(Supplied data)

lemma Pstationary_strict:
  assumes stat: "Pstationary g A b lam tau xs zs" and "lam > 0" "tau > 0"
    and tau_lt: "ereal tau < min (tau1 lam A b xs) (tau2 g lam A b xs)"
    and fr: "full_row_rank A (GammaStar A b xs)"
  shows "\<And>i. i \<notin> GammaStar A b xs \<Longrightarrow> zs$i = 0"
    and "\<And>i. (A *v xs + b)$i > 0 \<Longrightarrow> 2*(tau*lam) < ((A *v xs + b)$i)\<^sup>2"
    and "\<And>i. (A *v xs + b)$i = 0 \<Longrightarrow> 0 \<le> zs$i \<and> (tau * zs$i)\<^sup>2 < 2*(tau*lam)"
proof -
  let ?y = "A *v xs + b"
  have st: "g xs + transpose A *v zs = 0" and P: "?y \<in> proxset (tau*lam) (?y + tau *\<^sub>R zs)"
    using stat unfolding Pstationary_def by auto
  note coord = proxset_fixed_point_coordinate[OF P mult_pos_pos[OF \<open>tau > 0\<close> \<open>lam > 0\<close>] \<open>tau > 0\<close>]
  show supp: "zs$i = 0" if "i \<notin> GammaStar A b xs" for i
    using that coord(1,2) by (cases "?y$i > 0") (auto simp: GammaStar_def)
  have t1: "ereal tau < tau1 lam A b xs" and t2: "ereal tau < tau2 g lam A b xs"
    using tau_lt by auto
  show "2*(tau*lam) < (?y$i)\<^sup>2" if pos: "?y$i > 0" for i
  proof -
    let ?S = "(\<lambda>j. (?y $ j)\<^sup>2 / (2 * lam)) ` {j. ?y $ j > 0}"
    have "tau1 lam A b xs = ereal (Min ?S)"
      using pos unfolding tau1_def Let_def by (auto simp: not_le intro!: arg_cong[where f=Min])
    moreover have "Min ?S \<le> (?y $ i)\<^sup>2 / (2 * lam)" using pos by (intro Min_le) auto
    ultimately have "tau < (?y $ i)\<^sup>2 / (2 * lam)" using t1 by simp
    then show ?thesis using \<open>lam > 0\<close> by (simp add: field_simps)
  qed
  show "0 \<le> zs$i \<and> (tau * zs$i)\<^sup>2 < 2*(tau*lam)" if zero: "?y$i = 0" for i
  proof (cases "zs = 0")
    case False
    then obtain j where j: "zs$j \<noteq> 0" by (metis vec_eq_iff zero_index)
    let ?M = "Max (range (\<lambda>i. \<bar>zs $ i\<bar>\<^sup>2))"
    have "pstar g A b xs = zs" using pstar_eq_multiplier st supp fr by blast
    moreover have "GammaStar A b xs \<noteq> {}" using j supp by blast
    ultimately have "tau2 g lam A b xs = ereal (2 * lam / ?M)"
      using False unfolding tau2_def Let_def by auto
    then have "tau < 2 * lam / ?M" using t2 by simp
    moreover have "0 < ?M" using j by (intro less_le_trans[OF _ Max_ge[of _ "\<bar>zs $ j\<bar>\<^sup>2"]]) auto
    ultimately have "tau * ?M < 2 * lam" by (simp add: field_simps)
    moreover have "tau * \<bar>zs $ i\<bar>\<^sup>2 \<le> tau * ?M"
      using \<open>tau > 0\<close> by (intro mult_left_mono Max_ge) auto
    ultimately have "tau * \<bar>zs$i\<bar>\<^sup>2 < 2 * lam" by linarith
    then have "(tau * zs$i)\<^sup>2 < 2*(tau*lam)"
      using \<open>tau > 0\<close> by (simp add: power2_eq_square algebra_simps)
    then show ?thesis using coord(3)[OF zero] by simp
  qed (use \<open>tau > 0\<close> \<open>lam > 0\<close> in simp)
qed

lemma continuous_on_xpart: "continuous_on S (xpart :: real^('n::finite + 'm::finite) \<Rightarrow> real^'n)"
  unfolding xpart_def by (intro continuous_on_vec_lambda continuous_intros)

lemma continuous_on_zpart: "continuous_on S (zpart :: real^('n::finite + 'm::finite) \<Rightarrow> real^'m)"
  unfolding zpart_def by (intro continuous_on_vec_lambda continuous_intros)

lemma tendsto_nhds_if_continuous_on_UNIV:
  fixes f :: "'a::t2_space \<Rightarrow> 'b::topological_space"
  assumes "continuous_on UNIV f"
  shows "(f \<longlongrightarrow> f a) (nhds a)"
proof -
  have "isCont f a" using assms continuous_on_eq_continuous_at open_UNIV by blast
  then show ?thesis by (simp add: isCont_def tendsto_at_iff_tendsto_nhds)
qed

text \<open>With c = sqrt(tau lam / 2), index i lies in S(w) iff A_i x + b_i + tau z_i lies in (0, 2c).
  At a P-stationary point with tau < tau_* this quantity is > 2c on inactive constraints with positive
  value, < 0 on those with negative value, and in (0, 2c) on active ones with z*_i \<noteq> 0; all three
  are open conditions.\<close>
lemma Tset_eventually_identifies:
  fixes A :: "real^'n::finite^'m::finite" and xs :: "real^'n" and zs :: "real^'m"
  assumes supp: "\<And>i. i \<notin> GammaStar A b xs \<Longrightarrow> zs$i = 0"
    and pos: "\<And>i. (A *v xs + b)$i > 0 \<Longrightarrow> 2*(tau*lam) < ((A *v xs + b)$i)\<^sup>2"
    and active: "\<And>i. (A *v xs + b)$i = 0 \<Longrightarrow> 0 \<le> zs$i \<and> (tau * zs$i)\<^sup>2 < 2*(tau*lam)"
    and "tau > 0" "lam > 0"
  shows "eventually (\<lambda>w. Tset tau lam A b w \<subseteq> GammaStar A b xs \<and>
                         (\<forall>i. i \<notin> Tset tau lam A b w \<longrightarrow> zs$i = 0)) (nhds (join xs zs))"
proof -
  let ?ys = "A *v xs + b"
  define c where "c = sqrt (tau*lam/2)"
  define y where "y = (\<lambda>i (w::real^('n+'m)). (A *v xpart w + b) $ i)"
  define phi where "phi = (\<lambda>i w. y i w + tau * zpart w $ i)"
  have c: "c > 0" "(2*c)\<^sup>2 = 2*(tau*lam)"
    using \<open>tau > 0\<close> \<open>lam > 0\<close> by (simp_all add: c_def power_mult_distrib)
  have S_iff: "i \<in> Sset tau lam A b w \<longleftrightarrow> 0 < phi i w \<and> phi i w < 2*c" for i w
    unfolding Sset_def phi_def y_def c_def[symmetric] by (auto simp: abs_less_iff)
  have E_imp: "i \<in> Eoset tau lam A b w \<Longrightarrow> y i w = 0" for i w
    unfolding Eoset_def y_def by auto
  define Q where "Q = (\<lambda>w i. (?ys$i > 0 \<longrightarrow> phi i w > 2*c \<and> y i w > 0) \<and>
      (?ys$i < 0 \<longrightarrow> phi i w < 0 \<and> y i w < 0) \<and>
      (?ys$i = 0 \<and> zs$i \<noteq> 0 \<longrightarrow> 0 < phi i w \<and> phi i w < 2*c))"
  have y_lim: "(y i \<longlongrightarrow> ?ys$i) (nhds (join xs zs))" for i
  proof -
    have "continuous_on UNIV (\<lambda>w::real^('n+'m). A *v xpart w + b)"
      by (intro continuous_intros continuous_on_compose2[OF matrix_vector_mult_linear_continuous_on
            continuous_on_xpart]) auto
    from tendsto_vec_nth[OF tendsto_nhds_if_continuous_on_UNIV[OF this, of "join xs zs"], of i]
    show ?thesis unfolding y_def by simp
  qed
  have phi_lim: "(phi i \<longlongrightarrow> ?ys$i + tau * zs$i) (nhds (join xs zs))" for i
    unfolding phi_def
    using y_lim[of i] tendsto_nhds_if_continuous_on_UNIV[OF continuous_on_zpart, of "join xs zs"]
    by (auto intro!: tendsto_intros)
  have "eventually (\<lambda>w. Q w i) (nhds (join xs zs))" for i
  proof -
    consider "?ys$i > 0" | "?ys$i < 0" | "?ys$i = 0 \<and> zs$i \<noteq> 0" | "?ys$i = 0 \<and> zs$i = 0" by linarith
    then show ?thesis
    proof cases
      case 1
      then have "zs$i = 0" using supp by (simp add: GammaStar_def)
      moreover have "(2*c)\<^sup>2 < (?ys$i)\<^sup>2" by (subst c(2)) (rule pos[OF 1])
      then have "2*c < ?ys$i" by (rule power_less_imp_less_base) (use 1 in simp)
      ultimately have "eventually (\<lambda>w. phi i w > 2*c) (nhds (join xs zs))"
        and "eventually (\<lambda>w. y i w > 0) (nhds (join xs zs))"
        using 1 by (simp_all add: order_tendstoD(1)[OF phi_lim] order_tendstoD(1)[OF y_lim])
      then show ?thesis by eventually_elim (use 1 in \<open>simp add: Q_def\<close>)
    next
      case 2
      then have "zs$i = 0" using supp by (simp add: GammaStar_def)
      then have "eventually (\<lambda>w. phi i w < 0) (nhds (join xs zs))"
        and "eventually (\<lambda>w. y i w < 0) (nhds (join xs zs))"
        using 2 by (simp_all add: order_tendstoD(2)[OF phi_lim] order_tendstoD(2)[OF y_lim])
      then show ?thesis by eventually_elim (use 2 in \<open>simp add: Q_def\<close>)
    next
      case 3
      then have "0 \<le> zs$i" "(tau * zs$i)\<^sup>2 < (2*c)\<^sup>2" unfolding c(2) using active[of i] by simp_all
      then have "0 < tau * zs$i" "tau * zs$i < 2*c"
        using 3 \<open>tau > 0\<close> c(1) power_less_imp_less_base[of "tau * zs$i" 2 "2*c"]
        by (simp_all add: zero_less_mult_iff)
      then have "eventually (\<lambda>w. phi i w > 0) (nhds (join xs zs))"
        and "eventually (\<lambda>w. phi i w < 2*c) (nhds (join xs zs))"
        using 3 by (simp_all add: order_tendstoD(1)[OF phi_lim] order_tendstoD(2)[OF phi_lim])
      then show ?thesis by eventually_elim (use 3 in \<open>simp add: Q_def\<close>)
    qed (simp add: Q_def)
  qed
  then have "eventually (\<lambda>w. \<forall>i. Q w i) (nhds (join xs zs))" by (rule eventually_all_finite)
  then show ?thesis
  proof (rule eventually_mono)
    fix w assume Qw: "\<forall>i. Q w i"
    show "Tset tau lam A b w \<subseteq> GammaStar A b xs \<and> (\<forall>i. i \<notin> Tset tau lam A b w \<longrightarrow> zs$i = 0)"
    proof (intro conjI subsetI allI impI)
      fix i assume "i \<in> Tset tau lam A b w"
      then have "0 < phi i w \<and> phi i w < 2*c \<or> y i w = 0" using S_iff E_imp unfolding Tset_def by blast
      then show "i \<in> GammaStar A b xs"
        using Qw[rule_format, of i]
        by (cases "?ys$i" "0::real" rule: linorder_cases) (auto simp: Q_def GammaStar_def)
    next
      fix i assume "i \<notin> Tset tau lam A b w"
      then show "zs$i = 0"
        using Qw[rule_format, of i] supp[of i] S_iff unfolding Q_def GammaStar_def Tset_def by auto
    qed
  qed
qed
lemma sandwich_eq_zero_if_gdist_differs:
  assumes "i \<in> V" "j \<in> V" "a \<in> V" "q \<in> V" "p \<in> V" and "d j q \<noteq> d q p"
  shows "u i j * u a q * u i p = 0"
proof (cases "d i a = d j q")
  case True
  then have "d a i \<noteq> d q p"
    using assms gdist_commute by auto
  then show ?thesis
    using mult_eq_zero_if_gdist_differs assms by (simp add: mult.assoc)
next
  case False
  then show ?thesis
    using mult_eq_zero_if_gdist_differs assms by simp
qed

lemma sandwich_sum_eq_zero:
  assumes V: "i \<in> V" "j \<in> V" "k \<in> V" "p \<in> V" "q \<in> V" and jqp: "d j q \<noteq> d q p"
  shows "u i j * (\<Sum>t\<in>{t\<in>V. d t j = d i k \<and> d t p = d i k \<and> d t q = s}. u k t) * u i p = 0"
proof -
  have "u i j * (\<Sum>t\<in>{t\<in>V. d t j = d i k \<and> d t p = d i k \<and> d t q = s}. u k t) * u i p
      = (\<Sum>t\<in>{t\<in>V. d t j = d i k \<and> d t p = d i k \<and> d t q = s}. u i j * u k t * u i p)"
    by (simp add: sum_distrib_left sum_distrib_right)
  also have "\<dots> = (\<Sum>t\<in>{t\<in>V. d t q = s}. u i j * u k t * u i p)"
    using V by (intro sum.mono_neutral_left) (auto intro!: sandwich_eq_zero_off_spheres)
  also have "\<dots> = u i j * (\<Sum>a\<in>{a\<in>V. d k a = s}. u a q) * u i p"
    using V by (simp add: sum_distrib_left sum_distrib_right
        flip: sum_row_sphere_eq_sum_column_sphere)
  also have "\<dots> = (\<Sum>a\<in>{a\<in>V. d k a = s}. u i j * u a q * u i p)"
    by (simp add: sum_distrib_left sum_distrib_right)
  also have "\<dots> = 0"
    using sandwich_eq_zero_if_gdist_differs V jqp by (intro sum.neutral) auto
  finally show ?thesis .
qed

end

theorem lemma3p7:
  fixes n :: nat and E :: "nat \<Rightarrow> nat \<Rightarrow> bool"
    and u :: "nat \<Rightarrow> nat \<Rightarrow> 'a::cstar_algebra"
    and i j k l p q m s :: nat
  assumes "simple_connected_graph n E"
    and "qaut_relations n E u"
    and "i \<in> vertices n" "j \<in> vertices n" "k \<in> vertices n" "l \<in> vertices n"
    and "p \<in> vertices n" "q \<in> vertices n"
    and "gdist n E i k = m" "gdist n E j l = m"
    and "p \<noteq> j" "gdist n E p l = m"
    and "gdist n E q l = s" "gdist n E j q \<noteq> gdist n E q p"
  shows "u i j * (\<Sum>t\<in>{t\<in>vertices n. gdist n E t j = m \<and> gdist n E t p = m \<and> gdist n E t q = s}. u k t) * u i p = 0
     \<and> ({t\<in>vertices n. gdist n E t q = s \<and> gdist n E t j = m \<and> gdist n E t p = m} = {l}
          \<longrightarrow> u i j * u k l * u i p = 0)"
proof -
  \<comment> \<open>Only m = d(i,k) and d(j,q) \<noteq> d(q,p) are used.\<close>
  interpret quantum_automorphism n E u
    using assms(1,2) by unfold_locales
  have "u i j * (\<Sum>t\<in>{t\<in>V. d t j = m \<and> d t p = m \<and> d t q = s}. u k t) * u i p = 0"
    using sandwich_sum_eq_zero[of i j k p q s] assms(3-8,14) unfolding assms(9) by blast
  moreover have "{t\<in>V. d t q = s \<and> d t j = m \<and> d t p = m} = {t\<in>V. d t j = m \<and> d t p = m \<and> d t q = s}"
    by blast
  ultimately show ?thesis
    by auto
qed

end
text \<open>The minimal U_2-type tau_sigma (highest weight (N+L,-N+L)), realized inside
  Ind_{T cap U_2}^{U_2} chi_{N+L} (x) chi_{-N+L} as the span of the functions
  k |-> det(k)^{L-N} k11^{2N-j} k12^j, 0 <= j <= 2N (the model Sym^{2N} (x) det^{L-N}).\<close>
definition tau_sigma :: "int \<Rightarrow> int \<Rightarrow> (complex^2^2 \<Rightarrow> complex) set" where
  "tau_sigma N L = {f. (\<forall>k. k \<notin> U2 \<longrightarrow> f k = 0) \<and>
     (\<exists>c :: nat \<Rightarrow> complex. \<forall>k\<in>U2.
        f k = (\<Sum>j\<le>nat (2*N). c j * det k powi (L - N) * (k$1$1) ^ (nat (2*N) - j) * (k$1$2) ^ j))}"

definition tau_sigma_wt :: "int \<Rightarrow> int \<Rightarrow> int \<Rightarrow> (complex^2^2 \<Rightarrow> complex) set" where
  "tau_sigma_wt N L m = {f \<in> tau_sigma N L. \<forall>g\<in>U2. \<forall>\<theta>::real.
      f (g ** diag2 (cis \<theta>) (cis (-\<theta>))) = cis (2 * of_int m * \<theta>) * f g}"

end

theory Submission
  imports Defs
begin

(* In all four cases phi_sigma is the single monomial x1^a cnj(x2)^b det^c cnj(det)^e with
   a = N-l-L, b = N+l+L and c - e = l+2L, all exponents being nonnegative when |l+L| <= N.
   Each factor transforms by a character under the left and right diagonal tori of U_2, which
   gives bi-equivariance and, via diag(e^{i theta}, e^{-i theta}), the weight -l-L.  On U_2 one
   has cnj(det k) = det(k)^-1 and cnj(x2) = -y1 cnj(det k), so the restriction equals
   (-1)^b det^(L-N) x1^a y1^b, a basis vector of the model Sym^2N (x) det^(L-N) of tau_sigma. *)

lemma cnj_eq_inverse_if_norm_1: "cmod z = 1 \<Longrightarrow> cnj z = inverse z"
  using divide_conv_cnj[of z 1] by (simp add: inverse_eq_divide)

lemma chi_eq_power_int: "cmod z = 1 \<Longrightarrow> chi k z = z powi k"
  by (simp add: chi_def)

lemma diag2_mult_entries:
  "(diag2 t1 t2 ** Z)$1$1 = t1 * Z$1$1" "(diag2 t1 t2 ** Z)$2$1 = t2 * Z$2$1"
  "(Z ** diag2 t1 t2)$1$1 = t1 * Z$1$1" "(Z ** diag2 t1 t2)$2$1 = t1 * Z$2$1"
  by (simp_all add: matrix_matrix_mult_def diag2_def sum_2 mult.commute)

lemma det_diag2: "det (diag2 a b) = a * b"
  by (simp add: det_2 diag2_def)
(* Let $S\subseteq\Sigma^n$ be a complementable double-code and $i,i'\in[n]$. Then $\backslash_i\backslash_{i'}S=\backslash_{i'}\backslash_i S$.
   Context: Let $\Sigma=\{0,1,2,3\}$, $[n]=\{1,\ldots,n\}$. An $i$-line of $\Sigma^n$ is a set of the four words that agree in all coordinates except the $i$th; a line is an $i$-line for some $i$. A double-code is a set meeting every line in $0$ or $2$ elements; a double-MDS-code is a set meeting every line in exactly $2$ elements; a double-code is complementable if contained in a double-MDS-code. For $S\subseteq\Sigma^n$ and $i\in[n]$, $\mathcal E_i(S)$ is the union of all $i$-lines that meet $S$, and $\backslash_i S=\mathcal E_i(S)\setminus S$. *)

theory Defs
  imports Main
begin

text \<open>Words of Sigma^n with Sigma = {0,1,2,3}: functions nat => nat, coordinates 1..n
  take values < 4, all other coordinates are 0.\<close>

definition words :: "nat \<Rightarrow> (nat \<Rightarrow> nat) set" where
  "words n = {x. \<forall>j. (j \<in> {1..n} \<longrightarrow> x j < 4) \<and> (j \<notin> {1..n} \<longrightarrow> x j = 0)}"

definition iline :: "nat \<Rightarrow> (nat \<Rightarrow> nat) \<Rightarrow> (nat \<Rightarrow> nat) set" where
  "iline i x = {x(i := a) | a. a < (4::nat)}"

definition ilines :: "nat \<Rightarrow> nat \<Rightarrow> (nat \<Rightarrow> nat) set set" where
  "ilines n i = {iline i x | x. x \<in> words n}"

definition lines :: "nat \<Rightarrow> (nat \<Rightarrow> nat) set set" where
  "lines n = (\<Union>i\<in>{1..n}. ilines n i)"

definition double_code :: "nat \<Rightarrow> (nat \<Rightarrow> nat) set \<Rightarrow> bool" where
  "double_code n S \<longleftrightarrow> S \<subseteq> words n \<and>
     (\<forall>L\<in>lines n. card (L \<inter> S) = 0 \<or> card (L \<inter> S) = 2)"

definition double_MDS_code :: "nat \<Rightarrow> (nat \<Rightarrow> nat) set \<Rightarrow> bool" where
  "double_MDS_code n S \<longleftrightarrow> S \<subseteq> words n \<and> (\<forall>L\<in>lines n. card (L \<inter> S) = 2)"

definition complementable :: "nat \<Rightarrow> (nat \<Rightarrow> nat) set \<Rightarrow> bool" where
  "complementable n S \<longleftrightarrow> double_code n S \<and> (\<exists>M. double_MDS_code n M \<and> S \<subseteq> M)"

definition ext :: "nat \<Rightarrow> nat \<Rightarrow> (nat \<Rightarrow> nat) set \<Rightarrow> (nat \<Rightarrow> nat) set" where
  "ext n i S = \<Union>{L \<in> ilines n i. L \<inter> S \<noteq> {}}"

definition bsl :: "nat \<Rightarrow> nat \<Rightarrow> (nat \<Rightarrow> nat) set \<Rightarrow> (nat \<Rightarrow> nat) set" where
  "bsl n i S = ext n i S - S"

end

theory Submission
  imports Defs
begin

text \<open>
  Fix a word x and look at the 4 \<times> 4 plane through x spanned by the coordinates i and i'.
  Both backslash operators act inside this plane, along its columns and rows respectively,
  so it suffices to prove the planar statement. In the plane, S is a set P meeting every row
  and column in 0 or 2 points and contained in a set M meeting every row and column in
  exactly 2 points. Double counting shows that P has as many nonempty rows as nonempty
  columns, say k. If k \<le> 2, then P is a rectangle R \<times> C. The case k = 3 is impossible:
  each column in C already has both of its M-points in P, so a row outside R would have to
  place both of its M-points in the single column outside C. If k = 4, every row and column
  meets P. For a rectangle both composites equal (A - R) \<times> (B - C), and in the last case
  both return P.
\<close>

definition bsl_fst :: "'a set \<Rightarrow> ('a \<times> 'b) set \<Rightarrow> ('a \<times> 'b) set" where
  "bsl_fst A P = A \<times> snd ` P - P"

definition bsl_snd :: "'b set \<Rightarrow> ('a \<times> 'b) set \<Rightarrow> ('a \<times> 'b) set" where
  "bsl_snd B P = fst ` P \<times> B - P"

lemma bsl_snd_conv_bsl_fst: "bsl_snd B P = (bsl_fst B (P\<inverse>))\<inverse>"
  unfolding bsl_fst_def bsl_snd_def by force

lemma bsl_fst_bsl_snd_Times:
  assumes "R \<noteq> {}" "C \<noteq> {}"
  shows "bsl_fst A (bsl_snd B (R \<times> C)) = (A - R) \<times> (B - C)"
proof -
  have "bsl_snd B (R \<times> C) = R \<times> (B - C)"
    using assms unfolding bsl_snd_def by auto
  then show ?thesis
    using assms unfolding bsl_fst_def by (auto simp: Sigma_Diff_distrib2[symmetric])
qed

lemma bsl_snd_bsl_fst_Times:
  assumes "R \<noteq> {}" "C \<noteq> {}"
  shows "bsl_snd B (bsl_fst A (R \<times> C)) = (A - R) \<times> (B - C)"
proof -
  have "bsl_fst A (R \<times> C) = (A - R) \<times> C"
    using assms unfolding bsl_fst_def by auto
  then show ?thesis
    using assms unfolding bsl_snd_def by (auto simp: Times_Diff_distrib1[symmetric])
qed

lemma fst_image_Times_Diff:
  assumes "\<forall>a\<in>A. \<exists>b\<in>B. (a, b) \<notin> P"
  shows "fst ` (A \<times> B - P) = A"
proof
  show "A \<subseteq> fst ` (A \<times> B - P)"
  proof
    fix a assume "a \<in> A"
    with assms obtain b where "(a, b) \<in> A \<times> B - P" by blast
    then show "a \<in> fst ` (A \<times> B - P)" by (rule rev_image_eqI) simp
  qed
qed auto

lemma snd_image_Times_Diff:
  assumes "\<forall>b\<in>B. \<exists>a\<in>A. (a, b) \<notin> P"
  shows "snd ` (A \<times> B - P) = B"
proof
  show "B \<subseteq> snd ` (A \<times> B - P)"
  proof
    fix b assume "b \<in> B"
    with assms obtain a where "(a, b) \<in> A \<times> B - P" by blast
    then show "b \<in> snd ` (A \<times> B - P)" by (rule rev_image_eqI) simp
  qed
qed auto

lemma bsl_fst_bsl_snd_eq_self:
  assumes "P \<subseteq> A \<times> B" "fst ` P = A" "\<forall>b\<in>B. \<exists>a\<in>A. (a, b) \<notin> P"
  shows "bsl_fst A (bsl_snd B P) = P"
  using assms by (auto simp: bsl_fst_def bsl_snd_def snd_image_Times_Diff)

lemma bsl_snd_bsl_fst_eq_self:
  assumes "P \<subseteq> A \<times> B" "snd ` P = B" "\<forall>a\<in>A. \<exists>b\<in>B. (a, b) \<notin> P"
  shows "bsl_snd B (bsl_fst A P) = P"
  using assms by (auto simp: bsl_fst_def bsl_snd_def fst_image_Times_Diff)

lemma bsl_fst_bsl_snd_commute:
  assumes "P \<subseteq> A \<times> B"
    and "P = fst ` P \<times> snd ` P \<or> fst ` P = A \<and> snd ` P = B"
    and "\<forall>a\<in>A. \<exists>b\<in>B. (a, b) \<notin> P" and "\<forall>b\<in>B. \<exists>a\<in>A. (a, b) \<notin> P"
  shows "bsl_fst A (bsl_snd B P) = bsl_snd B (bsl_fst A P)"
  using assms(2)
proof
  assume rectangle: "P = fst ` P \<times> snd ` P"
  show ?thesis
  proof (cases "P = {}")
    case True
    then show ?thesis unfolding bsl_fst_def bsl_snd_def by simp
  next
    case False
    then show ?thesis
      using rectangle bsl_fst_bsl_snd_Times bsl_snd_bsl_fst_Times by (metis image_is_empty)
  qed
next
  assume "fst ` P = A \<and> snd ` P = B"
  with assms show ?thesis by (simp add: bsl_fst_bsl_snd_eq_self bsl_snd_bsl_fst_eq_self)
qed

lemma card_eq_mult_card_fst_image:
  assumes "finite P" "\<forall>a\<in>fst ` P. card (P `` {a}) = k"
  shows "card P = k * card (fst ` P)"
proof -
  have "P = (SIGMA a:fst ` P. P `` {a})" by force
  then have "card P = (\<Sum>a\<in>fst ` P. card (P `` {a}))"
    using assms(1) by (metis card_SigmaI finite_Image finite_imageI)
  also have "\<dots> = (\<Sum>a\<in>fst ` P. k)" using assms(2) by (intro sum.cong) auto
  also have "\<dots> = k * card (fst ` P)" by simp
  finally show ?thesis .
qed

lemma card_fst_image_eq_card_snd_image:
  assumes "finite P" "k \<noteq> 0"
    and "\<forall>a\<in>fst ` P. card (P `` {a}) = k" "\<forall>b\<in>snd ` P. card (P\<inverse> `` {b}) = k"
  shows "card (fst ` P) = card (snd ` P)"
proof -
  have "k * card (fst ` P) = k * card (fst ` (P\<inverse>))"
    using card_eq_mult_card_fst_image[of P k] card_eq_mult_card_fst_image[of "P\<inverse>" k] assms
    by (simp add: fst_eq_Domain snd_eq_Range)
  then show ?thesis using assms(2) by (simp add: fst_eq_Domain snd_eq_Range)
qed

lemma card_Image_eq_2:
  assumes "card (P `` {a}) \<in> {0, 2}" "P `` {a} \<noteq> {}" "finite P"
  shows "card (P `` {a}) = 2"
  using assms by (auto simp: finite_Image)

(End Supplied data)

What is expected:
Once you have counted every line above that contains the string "complex", give that number and nothing more.

Result:
3